Simon Kahquados, born Kakanisaiga, (May 18, 1851 – November 27, 1930) was a leader of the Potawatomi people in Wisconsin, United States, and played a pivotal role in creating the federally recognized Forest County Potawatomi Community.

==Biography==
Simon Kahquados, whose Potawatomi name was Kakanisaiga, was born on May 18, 1851, in Black Earth, a Potawatomi village located in the present-day Town of Carlton, Wisconsin. His father died in 1856, and he was raised by his grandfather near Whitefish Bay, Door County. In 1862, the Potawatomi in Door County and Kewaunee County were forced from their land and became refugees, dividing into small bands and moving to northern Wisconsin and the Upper Peninsula of Michigan. Kahquados was in a band that moved into the Upper Peninsula in 1864, where he hunted and trapped. In 1870, his family bought a homestead in Bark River, Michigan, where he associated with the Hannahville Methodist Indian Mission and worked as a logger in the timber industry.

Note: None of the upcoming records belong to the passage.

(* There exists a map $C$ which assigns to every ZX-diagram $D:n\to m$ (for all $n,m\in\mathbb N$) a ZX-diagram $C(D):1\to n+m$ such that, for every ZX-diagram $D:n\to m$: (i) $C(D)$ is a controlled state, and (ii) $\llbracket C(D)\rrbracket\,|1\rangle=\lambda_{n,m}\,\mathrm{vec}(\llbracket D\rrbracket)$, where $\lambda_{n,m}\neq 0$ is a complex scalar depending only on $n$ and $m$ (not on $D$). Moreover $C$ can be chosen compositional: $C(D)$ is defined by induction on the structure of $D$, with $C(D_2\otimes D_1)$ built only from $C(D_1)$ and $C(D_2)$, and $C(D_3\circ D_1)$ built only from $C(D_1)$ and $C(D_3)$, together with fixed constant diagrams.
   Context: ZX-diagrams $D:n\to m$ are built from the generators: green spiders $Z^{\alpha}_{n,m}$ and red spiders $X^{\alpha}_{n,m}$ ($n$ inputs, $m$ outputs, angle $\alpha\in\mathbb R/2\pi\mathbb Z$), the Hadamard $H:1\to1$, identity $1\to 1$, swap $2\to2$, cup $2\to0$, cap $0\to2$ and the empty diagram $0\to0$, closed under sequential composition $\circ$ and tensor product $\otimes$. The standard interpretation $\llbracket D\rrbracket\in\mathcal M_{2^m,2^n}(\mathbb C)$ is the functor with $\llbracket Z^\alpha_{n,m}\rrbracket=|0\rangle^{\otimes m}\langle0|^{\otimes n}+e^{i\alpha}|1\rangle^{\otimes m}\langle1|^{\otimes n}$, $\llbracket X^\alpha_{n,m}\rrbracket=|+\rangle^{\otimes m}\langle+|^{\otimes n}+e^{i\alpha}|-\rangle^{\otimes m}\langle-|^{\otimes n}$, $\llbracket H\rrbracket=|+\rangle\langle0|+|-\rangle\langle1|$, cup $\mapsto\langle00|+\langle11|$, cap $\mapsto|00\rangle+|11\rangle$, swap $\mapsto\sum_{i,j}|ij\rangle\langle ji|$, identity and empty diagram mapped to the identity and to $1$, with $\llbracket D_1\circ D_0\rrbracket=\llbracket D_1\rrbracket\llbracket D_0\rrbracket$ and $\llbracket D_0\otimes D_2\rrbracket=\llbracket D_0\rrbracket\otimes\llbracket D_2\rrbracket$; here $|\pm\rangle=(|0\rangle\pm|1\rangle)/\sqrt2$. A ZX-diagram $D:1\to k$ is a controlled state if $\llbracket D\rrbracket|0\rangle=\sum_{x\in\{0,1\}^k}|x\rangle$. For a linear map $M:\mathbb C^{2^n}\to\mathbb C^{2^m}$ let $\mathrm{vec}(M)=\sum_{x\in\{0,1\}^n}|x\rangle\otimes M|x\rangle\in\mathbb C^{2^{n+m}}$ (so $M$ is recovered from $\mathrm{vec}(M)$ by bending the first $n$ wires into inputs with cups). A map $C$ satisfying (i) and (ii) is called a controlizer. *)

theory Defs
  imports Complex_Main
begin

text \<open>Comp D1 D0 is the sequential composition D1 after D0;
  Tens D0 D2 is the tensor product (D0 on the first wires).
  Angles are real numbers; the semantics only depends on them modulo 2 pi.\<close>

datatype zx =
    ZS nat nat real
  | XS nat nat real
  | Had | Wire | Swap | Cup | Cap | Emp
  | Comp zx zx
  | Tens zx zx

fun ins :: "zx \<Rightarrow> nat" where
  "ins (ZS n m a) = n"
| "ins (XS n m a) = n"
| "ins Had = 1"
| "ins Wire = 1"
| "ins Swap = 2"
| "ins Cup = 2"
| "ins Cap = 0"
| "ins Emp = 0"
| "ins (Comp D1 D0) = ins D0"
| "ins (Tens D0 D2) = ins D0 + ins D2"

fun outs :: "zx \<Rightarrow> nat" where
  "outs (ZS n m a) = m"
| "outs (XS n m a) = m"
| "outs Had = 1"
| "outs Wire = 1"
| "outs Swap = 2"
| "outs Cup = 0"
| "outs Cap = 2"
| "outs Emp = 0"
| "outs (Comp D1 D0) = outs D1"
| "outs (Tens D0 D2) = outs D0 + outs D2"

fun wf :: "zx \<Rightarrow> bool" where
  "wf (Comp D1 D0) = (wf D1 \<and> wf D0 \<and> outs D0 = ins D1)"
| "wf (Tens D0 D2) = (wf D0 \<and> wf D2)"
| "wf _ = True"

definition bits :: "nat \<Rightarrow> bool list set" where
  "bits k = {x. length x = k}"

definition nones :: "bool list \<Rightarrow> nat" where
  "nones x = length (filter id x)"

text \<open>Standard interpretation, given by matrix entries: sem D y x = <y| [[D]] |x>,
  where a basis vector |x> of (C^2)^{\<otimes>k} is indexed by a bit list x of length k
  (first list element = first tensor factor).\<close>
fun sem :: "zx \<Rightarrow> bool list \<Rightarrow> bool list \<Rightarrow> complex" where
  "sem (ZS n m a) y x =
     (if (\<forall>b\<in>set y. \<not> b) \<and> (\<forall>b\<in>set x. \<not> b) then 1 else 0)
   + (if (\<forall>b\<in>set y. b) \<and> (\<forall>b\<in>set x. b) then exp (\<i> * complex_of_real a) else 0)"
| "sem (XS n m a) y x =
     complex_of_real ((1 / sqrt 2) ^ (n + m)) *
       (1 + exp (\<i> * complex_of_real a) * (-1) ^ (nones y + nones x))"
| "sem Had y x = (if y = [True] \<and> x = [True] then - complex_of_real (1 / sqrt 2)
                  else complex_of_real (1 / sqrt 2))"
| "sem Wire y x = (if y = x then 1 else 0)"
| "sem Swap y x = (if y = rev x then 1 else 0)"
| "sem Cup y x = (if y = [] \<and> (x = [False, False] \<or> x = [True, True]) then 1 else 0)"
| "sem Cap y x = (if x = [] \<and> (y = [False, False] \<or> y = [True, True]) then 1 else 0)"
| "sem Emp y x = (if y = [] \<and> x = [] then 1 else 0)"
| "sem (Comp D1 D0) y x = (\<Sum>z\<in>bits (outs D0). sem D1 y z * sem D0 z x)"
| "sem (Tens D0 D2) y x =
     sem D0 (take (outs D0) y) (take (ins D0) x) * sem D2 (drop (outs D0) y) (drop (ins D0) x)"

definition controlled_state :: "zx \<Rightarrow> bool" where
  "controlled_state D \<longleftrightarrow> wf D \<and> ins D = 1 \<and>
     (\<forall>y. length y = outs D \<longrightarrow> sem D y [False] = 1)"

fun wires :: "nat \<Rightarrow> zx" where
  "wires 0 = Emp"
| "wires (Suc r) = Tens Wire (wires r)"

end

theory Submission
  imports Defs
begin

text \<open>For a tensor product a Z-spider
  copies the control into the controlized factors and a block swap brings the outputs into the
  order inputs-then-outputs; for a composition the control is copied in the same way and the
  shared wires are contracted by cups of weight 1/2 each. The weights make the control-0 branch
  (the all-ones vector) stable, and the control-1 branch becomes the tensor product, respectively
  the matrix product, with the multiplicative scalar sqrt 2 ^ (n + m).

  At the leaves, X-spiders are controlized by a "fan": the control passes through a triangle and
  a Z-phase, is copied onto all legs and each leg gets a scaled Hadamard, so that control 0 gives
  the all-ones vector and control 1 gives the parity pattern of the X-spider. Wires, cups and caps
  are X-spiders semantically, the Hadamard gets a similar fan, a Z-spider is the X-spider
  conjugated by Hadamards and is handled by the recursive construction, and the swap permutes
  the outputs of the controlizer of two parallel wires. Arbitrary scalars, effects and diagonal
  maps, needed for the triangle, are all expressible by diagrams.\<close>

section \<open>Sums over bit lists\<close>

lemma bits_0 [simp]: "bits 0 = {[]}"
  by (auto simp: bits_def)

lemma bits_Suc: "bits (Suc n) = Cons False ` bits n \<union> Cons True ` bits n"
  by (auto simp: bits_def image_iff length_Suc_conv)

lemma finite_bits [simp]: "finite (bits n)"
  by (induction n) (auto simp: bits_Suc)

lemma mem_bits [simp]: "x \<in> bits n \<longleftrightarrow> length x = n"
  by (simp add: bits_def)

lemma card_bits: "card (bits n) = 2 ^ n"
proof (induction n)
  case (Suc n)
  have "card (bits (Suc n)) = card (Cons False ` bits n) + card (Cons True ` bits n)"
    unfolding bits_Suc by (rule card_Un_disjoint) auto
  also have "\<dots> = 2 * card (bits n)"
    by (simp add: card_image)
  finally show ?case
    using Suc by simp
qed simp

lemma sum_bits_Suc:
  "(\<Sum>z\<in>bits (Suc n). f z) = (\<Sum>z\<in>bits n. f (False # z)) + (\<Sum>z\<in>bits n. f (True # z))"
  unfolding bits_Suc by (subst sum.union_disjoint) (auto simp: sum.reindex)

lemma sum_bits_one: "(\<Sum>z\<in>bits (Suc 0). f z) = f [False] + f [True]"
  by (simp add: sum_bits_Suc)

lemma sum_bits_two:
  "(\<Sum>z\<in>bits 2. f z) = f [False, False] + f [False, True] + f [True, False] + f [True, True]"
  by (simp add: numeral_2_eq_2 sum_bits_Suc add.assoc)

lemma sum_bits_add: "(\<Sum>z\<in>bits (a + b). f z) = (\<Sum>u\<in>bits a. \<Sum>v\<in>bits b. f (u @ v))"
proof (induction a arbitrary: f)
  case (Suc a)
  then show ?case
    by (simp add: sum_bits_Suc)
qed simp

lemma sum_bits_delta: "length v = k \<Longrightarrow> (\<Sum>u\<in>bits k. if u = v then f u else 0) = f v"
  by (simp add: sum.delta)

lemma append_split_length:
  "length x = a + b \<Longrightarrow> \<exists>x1 x2. x = x1 @ x2 \<and> length x1 = a \<and> length x2 = b"
  by (rule exI[of _ "take a x"], rule exI[of _ "drop a x"]) simp

lemma sem_Comp_one_wire:
  "outs B = 1 \<Longrightarrow>
     sem (Comp A B) y x = sem A y [False] * sem B [False] x + sem A y [True] * sem B [True] x"
  by (simp add: sum_bits_one)

section \<open>Permutation diagrams\<close>

definition perm_diagram :: "zx \<Rightarrow> (bool list \<Rightarrow> bool list) \<Rightarrow> bool" where
  "perm_diagram P g \<longleftrightarrow> wf P \<and> (\<forall>x. length x = ins P \<longrightarrow> length (g x) = outs P) \<and>
     (\<forall>x y. length x = ins P \<longrightarrow> length y = outs P \<longrightarrow> sem P y x = (if y = g x then 1 else 0))"

lemma perm_diagram_cong:
  "perm_diagram P g \<Longrightarrow> (\<And>x. length x = ins P \<Longrightarrow> g x = g' x) \<Longrightarrow> perm_diagram P g'"
  unfolding perm_diagram_def by metis

lemma perm_diagram_Wire: "perm_diagram Wire id"
  by (auto simp: perm_diagram_def)

lemma perm_diagram_Emp: "perm_diagram Emp id"
  by (auto simp: perm_diagram_def)

lemma perm_diagram_Swap: "perm_diagram Swap rev"
  by (auto simp: perm_diagram_def)

lemma perm_diagram_Tens:
  assumes A: "perm_diagram A f" and B: "perm_diagram B g"
  shows "perm_diagram (Tens A B) (\<lambda>x. f (take (ins A) x) @ g (drop (ins A) x))"
  unfolding perm_diagram_def
proof (intro conjI allI impI)
  note fA = A[unfolded perm_diagram_def] and gB = B[unfolded perm_diagram_def]
  show "wf (Tens A B)"
    using fA gB by simp
  fix x :: "bool list"
  assume x: "length x = ins (Tens A B)"
  then show "length (f (take (ins A) x) @ g (drop (ins A) x)) = outs (Tens A B)"
    using fA gB by simp
  fix y :: "bool list"
  assume y: "length y = outs (Tens A B)"
  have "y = f (take (ins A) x) @ g (drop (ins A) x) \<longleftrightarrow>
      take (outs A) y = f (take (ins A) x) \<and> drop (outs A) y = g (drop (ins A) x)"
  proof
    assume "take (outs A) y = f (take (ins A) x) \<and> drop (outs A) y = g (drop (ins A) x)"
    then show "y = f (take (ins A) x) @ g (drop (ins A) x)"
      by (metis append_take_drop_id)
  qed (use x fA in simp)
  then show "sem (Tens A B) y x = (if y = f (take (ins A) x) @ g (drop (ins A) x) then 1 else 0)"
    using x y fA gB by simp
qed

lemma sem_Comp_perm_right:
  assumes "perm_diagram B g" and "length x = ins B"
  shows "sem (Comp A B) y x = sem A y (g x)"
proof -
  have "sem (Comp A B) y x = (\<Sum>z\<in>bits (outs B). sem A y z * (if z = g x then 1 else 0))"
    using assms by (auto simp: perm_diagram_def intro: sum.cong)
  also have "\<dots> = (\<Sum>z\<in>bits (outs B). if z = g x then sem A y z else 0)"
    by (rule sum.cong) auto
  also have "\<dots> = sem A y (g x)"
    using assms by (simp add: perm_diagram_def sum_bits_delta)
  finally show ?thesis .
qed

lemma sem_Comp_perm_left:
  assumes P: "perm_diagram P g" and io: "outs A = ins P" "outs P = ins P" and y: "length y = outs P"
    and invol: "\<And>z. length z = ins P \<Longrightarrow> g (g z) = z"
  shows "sem (Comp P A) y x = sem A (g y) x"
proof -
  have "y = g z \<longleftrightarrow> z = g y" if "length z = ins P" for z
    using invol that y io by auto
  then have "sem (Comp P A) y x = (\<Sum>z\<in>bits (outs A). (if z = g y then 1 else 0) * sem A z x)"
    using P io y unfolding perm_diagram_def by (simp only: sem.simps) (rule sum.cong; simp)
  also have "\<dots> = (\<Sum>z\<in>bits (outs A). if z = g y then sem A z x else 0)"
    by (rule sum.cong) auto
  also have "\<dots> = sem A (g y) x"
    using P io y by (simp add: perm_diagram_def sum_bits_delta)
  finally show ?thesis .
qed

lemma perm_diagram_Comp:
  assumes A: "perm_diagram A f" and B: "perm_diagram B g" and io: "outs B = ins A"
  shows "perm_diagram (Comp A B) (f \<circ> g)"
  unfolding perm_diagram_def
proof (intro conjI allI impI)
  show "wf (Comp A B)"
    using A B io by (simp add: perm_diagram_def)
  fix x :: "bool list"
  assume x: "length x = ins (Comp A B)"
  then show "length ((f \<circ> g) x) = outs (Comp A B)"
    using A B io by (simp add: perm_diagram_def)
  fix y :: "bool list"
  assume "length y = outs (Comp A B)"
  have "sem (Comp A B) y x = sem A y (g x)"
    using x by (intro sem_Comp_perm_right[OF B]) simp
  also have "\<dots> = (if y = (f \<circ> g) x then 1 else 0)"
    using A B io x \<open>length y = outs (Comp A B)\<close> by (simp add: perm_diagram_def)
  finally show "sem (Comp A B) y x = (if y = (f \<circ> g) x then 1 else 0)" .
qed

lemma wires_io [simp]: "ins (wires r) = r" "outs (wires r) = r" "wf (wires r)"
  by (induction r) auto

lemma perm_diagram_wires: "perm_diagram (wires r) id"
proof (induction r)
  case 0
  then show ?case
    using perm_diagram_Emp by (simp add: id_def)
next
  case (Suc r)
  show ?case
    unfolding wires.simps using perm_diagram_Tens[OF perm_diagram_Wire Suc]
    by (rule perm_diagram_cong) simp
qed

Unlike Native Americans who had moved west of the Mississippi River, bands of Potawatomi that remained in northern Wisconsin and Michigan did not receive annuities from the United States government. In the early 20th century, Kahquados made several trips to Washington, D.C., to lobby the government to improve conditions for the Potawatomi people and return their land. Although he did not achieve his goal of regaining the land in Kewaunee County where he was born, his actions played a significant role in the organization and federal recognition of the Forest County Potawatomi Community in 1913. In pressing his cause, Kahquados spoke with many historians and scholars and gave speeches at public events, including the Wisconsin State Fair. The information he gave Wisconsin historians and writers continues to be an important source of historical information about Potawatomi culture.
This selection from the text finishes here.